> WORK TASK
Copy nothing but the lines below running from the line containing "finally show ?thesis ." through the line containing "(simp add: emeasure_distr_Pair_right", both end lines included.

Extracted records
⁂

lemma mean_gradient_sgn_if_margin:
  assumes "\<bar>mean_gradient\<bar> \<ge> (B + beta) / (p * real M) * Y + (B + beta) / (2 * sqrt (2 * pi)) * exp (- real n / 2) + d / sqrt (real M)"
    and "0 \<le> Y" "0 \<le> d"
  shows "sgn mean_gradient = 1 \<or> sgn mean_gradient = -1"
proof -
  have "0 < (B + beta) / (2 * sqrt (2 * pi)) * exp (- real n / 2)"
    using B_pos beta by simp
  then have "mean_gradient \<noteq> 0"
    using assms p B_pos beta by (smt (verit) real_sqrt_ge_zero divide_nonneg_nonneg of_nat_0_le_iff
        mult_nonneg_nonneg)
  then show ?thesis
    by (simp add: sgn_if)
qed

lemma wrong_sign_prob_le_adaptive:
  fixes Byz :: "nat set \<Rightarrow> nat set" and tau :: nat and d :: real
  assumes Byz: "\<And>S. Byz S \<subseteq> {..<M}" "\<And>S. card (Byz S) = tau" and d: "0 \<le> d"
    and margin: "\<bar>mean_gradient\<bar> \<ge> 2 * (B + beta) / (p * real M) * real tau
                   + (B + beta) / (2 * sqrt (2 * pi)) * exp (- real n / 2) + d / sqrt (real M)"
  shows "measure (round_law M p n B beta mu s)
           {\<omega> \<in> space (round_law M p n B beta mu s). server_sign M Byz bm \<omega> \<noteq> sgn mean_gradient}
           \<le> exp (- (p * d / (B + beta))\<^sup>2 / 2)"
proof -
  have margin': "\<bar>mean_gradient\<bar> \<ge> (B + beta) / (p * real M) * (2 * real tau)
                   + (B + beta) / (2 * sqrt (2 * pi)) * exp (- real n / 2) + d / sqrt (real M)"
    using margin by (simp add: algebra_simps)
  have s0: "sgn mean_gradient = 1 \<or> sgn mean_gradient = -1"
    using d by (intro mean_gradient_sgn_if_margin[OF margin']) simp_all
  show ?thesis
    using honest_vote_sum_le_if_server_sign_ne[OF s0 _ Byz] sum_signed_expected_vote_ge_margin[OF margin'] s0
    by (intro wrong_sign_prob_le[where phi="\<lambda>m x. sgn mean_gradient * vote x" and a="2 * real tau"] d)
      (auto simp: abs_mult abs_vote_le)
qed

⁂

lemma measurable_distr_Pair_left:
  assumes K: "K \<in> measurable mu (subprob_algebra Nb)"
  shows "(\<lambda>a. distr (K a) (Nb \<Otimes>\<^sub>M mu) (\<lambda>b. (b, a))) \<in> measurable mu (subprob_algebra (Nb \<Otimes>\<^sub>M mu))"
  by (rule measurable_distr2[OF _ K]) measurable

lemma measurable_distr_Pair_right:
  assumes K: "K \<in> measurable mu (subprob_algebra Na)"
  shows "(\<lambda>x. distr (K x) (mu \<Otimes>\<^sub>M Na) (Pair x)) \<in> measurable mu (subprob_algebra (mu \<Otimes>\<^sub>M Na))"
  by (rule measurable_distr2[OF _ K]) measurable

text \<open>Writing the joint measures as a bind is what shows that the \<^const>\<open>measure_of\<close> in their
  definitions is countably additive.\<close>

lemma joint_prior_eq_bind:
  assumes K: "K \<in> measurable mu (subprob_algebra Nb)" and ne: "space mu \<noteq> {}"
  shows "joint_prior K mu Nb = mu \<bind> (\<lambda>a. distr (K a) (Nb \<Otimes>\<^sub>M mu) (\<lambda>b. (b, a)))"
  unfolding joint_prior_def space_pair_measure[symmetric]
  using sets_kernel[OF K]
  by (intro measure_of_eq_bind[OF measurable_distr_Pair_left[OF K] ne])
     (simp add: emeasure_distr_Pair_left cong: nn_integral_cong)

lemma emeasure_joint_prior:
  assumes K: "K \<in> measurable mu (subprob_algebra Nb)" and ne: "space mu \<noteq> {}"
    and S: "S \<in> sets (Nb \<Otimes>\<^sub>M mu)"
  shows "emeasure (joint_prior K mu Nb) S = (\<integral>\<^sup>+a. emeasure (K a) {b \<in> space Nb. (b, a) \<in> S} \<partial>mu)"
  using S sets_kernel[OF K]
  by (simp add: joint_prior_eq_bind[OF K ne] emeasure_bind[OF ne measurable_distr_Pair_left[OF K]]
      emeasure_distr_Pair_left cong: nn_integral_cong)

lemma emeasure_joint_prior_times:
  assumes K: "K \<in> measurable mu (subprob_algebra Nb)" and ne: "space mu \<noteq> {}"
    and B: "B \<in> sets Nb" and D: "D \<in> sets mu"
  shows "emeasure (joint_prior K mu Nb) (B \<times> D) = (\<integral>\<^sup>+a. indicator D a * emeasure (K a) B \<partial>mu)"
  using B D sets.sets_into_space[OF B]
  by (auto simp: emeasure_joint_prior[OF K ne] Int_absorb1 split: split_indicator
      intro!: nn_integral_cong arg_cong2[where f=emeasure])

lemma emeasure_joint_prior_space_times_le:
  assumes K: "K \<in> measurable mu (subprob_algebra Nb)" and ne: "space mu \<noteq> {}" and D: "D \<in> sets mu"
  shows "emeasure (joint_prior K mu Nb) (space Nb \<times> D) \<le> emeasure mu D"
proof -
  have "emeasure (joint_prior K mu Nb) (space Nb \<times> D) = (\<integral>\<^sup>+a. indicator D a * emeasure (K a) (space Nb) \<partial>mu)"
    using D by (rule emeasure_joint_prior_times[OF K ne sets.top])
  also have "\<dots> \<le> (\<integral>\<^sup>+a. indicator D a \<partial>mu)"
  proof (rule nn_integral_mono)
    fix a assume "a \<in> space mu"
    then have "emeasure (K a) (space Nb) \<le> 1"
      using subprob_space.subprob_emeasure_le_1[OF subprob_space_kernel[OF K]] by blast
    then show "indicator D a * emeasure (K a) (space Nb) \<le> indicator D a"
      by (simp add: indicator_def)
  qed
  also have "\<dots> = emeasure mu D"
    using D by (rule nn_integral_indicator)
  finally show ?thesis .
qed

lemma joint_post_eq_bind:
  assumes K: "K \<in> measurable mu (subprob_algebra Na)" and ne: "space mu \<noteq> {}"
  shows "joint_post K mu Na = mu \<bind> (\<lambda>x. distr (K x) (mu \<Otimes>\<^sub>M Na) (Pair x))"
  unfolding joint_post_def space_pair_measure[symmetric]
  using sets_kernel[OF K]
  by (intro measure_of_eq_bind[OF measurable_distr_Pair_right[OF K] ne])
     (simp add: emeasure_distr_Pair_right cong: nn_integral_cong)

⁂

> TASK RESULT
  finally show ?thesis .
qed

lemma joint_post_eq_bind:
  assumes K: "K \<in> measurable mu (subprob_algebra Na)" and ne: "space mu \<noteq> {}"
  shows "joint_post K mu Na = mu \<bind> (\<lambda>x. distr (K x) (mu \<Otimes>\<^sub>M Na) (Pair x))"
  unfolding joint_post_def space_pair_measure[symmetric]
  using sets_kernel[OF K]
  by (intro measure_of_eq_bind[OF measurable_distr_Pair_right[OF K] ne])
     (simp add: emeasure_distr_Pair_right cong: nn_integral_cong)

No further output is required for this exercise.